lemma eventually_pol_e_ge:
  assumes v: "v \<in> e" and K: "0 < K" and own: "\<forall>\<^sub>F s in at_top. K * s \<le> real (Np s e)"
    and B: "\<And>f. f \<in> Ev E v - {e} \<Longrightarrow> 0 < B f"
    and rivals: "\<And>f. f \<in> Ev E v - {e} \<Longrightarrow> \<forall>\<^sub>F s in at_top. real (Np s f) \<le> B f * s"
  shows "\<forall>\<^sub>F s in at_top. K powr \<alpha> / (K powr \<alpha> + (\<Sum>f\<in>Ev E v - {e}. B f powr \<alpha>)) \<le> pol_e v s"
proof -
  have "\<forall>\<^sub>F s in at_top. \<forall>f\<in>Ev E v - {e}. real (Np s f) \<le> B f * s"
    using finite_Ev[OF endpoint_in_V[OF v]] rivals by (intro eventually_ball_finite) auto
  with own eventually_gt_at_top[of 0] show ?thesis
  proof eventually_elim
    case (elim s)
    let ?B = "\<Sum>f\<in>Ev E v - {e}. B f powr \<alpha>"
    have "K powr \<alpha> * s powr \<alpha> = (K * s) powr \<alpha>" using K elim(2) by (simp add: powr_mult)
    also have "\<dots> \<le> real (Np s e) powr \<alpha>"
      using elim(1) K elim(2) alpha(1) by (intro powr_mono2) auto
    finally have own_s: "K powr \<alpha> * s powr \<alpha> \<le> real (Np s e) powr \<alpha>" .
    have "(\<Sum>f\<in>Ev E v - {e}. real (Np s f) powr \<alpha>) \<le> (\<Sum>f\<in>Ev E v - {e}. (B f * s) powr \<alpha>)"
      using elim(3) alpha(1) by (intro sum_mono powr_mono2) auto
    also have "\<dots> = ?B * s powr \<alpha>"
      unfolding sum_distrib_right using B elim(2)
      by (intro sum.cong refl powr_mult)
    finally have rivals_s: "(\<Sum>f\<in>Ev E v - {e}. real (Np s f) powr \<alpha>) \<le> ?B * s powr \<alpha>" .
    have "K powr \<alpha> / (K powr \<alpha> + ?B) = K powr \<alpha> * s powr \<alpha> / (K powr \<alpha> * s powr \<alpha> + ?B * s powr \<alpha>)"
      using elim(2) by (simp add: distrib_right[symmetric])
    also have "\<dots> \<le> pol_e v s"
      unfolding pol_e_eq[OF v] using own_s rivals_s K elim(2) Np_ge_1[OF e, of s]
      by (intro ratio_to_sum_mono) (auto intro: sum_nonneg)
    finally show ?case .
  qed
qed

end

section \<open>The fixed-point inequality\<close>

lemma scaled_share_bounds:
  fixes \<tau> a S :: real
  assumes \<tau>: "0 < \<tau>" and a: "0 < a" and S: "0 \<le> S"
  shows "\<tau> * a / (\<tau> * a + S) \<le> max 1 \<tau> * (a / (a + S))"
    and "min 1 \<tau> * (a / (a + S)) \<le> \<tau> * a / (\<tau> * a + S)"
proof -
  have pos: "0 < a + S" "0 < \<tau> * a + S" using \<tau> a S by (auto intro: add_pos_nonneg)
  show "\<tau> * a / (\<tau> * a + S) \<le> max 1 \<tau> * (a / (a + S))"
  proof (cases "\<tau> \<le> 1")
    case True
    then have "\<tau> * a / (\<tau> * a + S) \<le> a / (a + S)"
      using \<tau> a S by (intro ratio_to_sum_mono) (auto simp: mult_left_le_one_le)
    then show ?thesis using True by simp
  next
    case False
    then have "\<tau> * a / (\<tau> * a + S) \<le> \<tau> * a / (a + S)"
      using \<tau> a S pos by (intro divide_left_mono) (auto simp: mult_le_cancel_right1)
    then show ?thesis using False by simp
  qed
  show "min 1 \<tau> * (a / (a + S)) \<le> \<tau> * a / (\<tau> * a + S)"
  proof (cases "1 \<le> \<tau>")
    case True
    then have "a / (a + S) \<le> \<tau> * a / (\<tau> * a + S)"
      using \<tau> a S by (intro ratio_to_sum_mono) auto
    then show ?thesis using True by simp
  next
    case False
    then have "\<tau> * a / (a + S) \<le> \<tau> * a / (\<tau> * a + S)"
      using \<tau> a S pos by (intro divide_left_mono) (auto simp: mult_le_cancel_right1)
    then show ?thesis using False by simp
  qed
qed
lemma f_xor_finite_nonempty:
  "finite (card ` {C. xor_clique l n C})" "card ` {C. xor_clique l n C} \<noteq> {}"
proof -
  have "{C. xor_clique l n C} \<subseteq> Pow (xor_vertices l n)"
    by (auto simp: xor_clique_def)
  then show "finite (card ` {C. xor_clique l n C})"
    using finite_xor_vertices finite_subset by blast
  have "xor_clique l n {}"
    by (simp add: xor_clique_def)
  then show "card ` {C. xor_clique l n C} \<noteq> {}"
    by blast
qed

lemma card_le_f_xor: "xor_clique l n C \<Longrightarrow> card C \<le> f_xor l n"
  unfolding f_xor_def using f_xor_finite_nonempty by (simp add: Max_ge)

lemma f_xor_le: "(\<And>C. xor_clique l n C \<Longrightarrow> card C \<le> b) \<Longrightarrow> f_xor l n \<le> b"
  unfolding f_xor_def using f_xor_finite_nonempty by (simp add: Max_le_iff)

lemma f_xor_upper:
  assumes "0 < l" "0 < n"
  shows "f_xor l n + l \<le> l * n + 1"
proof -
  have "f_xor l n \<le> l * n + 1 - l"
    using assms card_xor_clique_bound by (intro f_xor_le) fastforce
  moreover have "l \<le> l * n"
    using assms by simp
  ultimately show ?thesis
    by linarith
qed

lemma f_xor_lower:
  assumes "3 \<le> l"
  shows "l * (n - 2) \<le> f_xor l n + 1"
proof (cases "3 \<le> n")
  case True
  then obtain C where "xor_clique l n C" "l * (n - 2) \<le> card C + 1"
    using exists_large_xor_clique assms by blast
  then show ?thesis
    using card_le_f_xor[of l n C] by simp
qed simp
lemma lipschitz_on_has_real_derivative_abs_le:
  fixes f :: "real \<Rightarrow> real"
  assumes lip: "L-lipschitz_on S f" and "open S" "y \<in> S"
    and der: "(f has_real_derivative d) (at y)"
  shows "\<bar>d\<bar> \<le> L"
proof (rule tendsto_upperbound)
  show "((\<lambda>z. \<bar>(f z - f y) / (z - y)\<bar>) \<longlongrightarrow> \<bar>d\<bar>) (at y)"
    using der by (intro tendsto_rabs) (simp add: has_field_derivative_iff)
  have "\<forall>\<^sub>F z in at y. z \<in> S - {y}"
    using \<open>open S\<close> \<open>y \<in> S\<close> by (rule eventually_at_in_open)
  then show "\<forall>\<^sub>F z in at y. \<bar>(f z - f y) / (z - y)\<bar> \<le> L"
  proof eventually_elim
    case (elim z)
    then show ?case
      using lipschitz_onD[OF lip, of z y] \<open>y \<in> S\<close>
      by (simp add: dist_real_def abs_divide divide_le_eq)
  qed
qed simp

lemma sin_add_arctan_divide_sin_diff_arctan:
  "sin (\<theta> + arctan d) / sin (\<theta> - arctan d) = (sin \<theta> + d * cos \<theta>) / (sin \<theta> - d * cos \<theta>)"
proof -
  define q where "q = sqrt (1 + d\<^sup>2)"
  have "0 < q"
    unfolding q_def by (simp add: add_pos_nonneg)
  moreover have "sin (\<theta> + arctan d) = (sin \<theta> + d * cos \<theta>) / q"
    by (simp add: sin_add cos_arctan sin_arctan q_def add_divide_distrib)
  moreover have "sin (\<theta> - arctan d) = (sin \<theta> - d * cos \<theta>) / q"
    by (simp add: sin_diff cos_arctan sin_arctan q_def diff_divide_distrib)
  ultimately show ?thesis
    by simp
qed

▸ EXERCISE DESCRIPTION:
Return each line of the data where the word "dots" appears.

▸ OUTPUT FOR THIS TASK:
    also have "\<dots> \<le> real (Np s e) powr \<alpha>"
    also have "\<dots> = ?B * s powr \<alpha>"
    also have "\<dots> \<le> pol_e v s"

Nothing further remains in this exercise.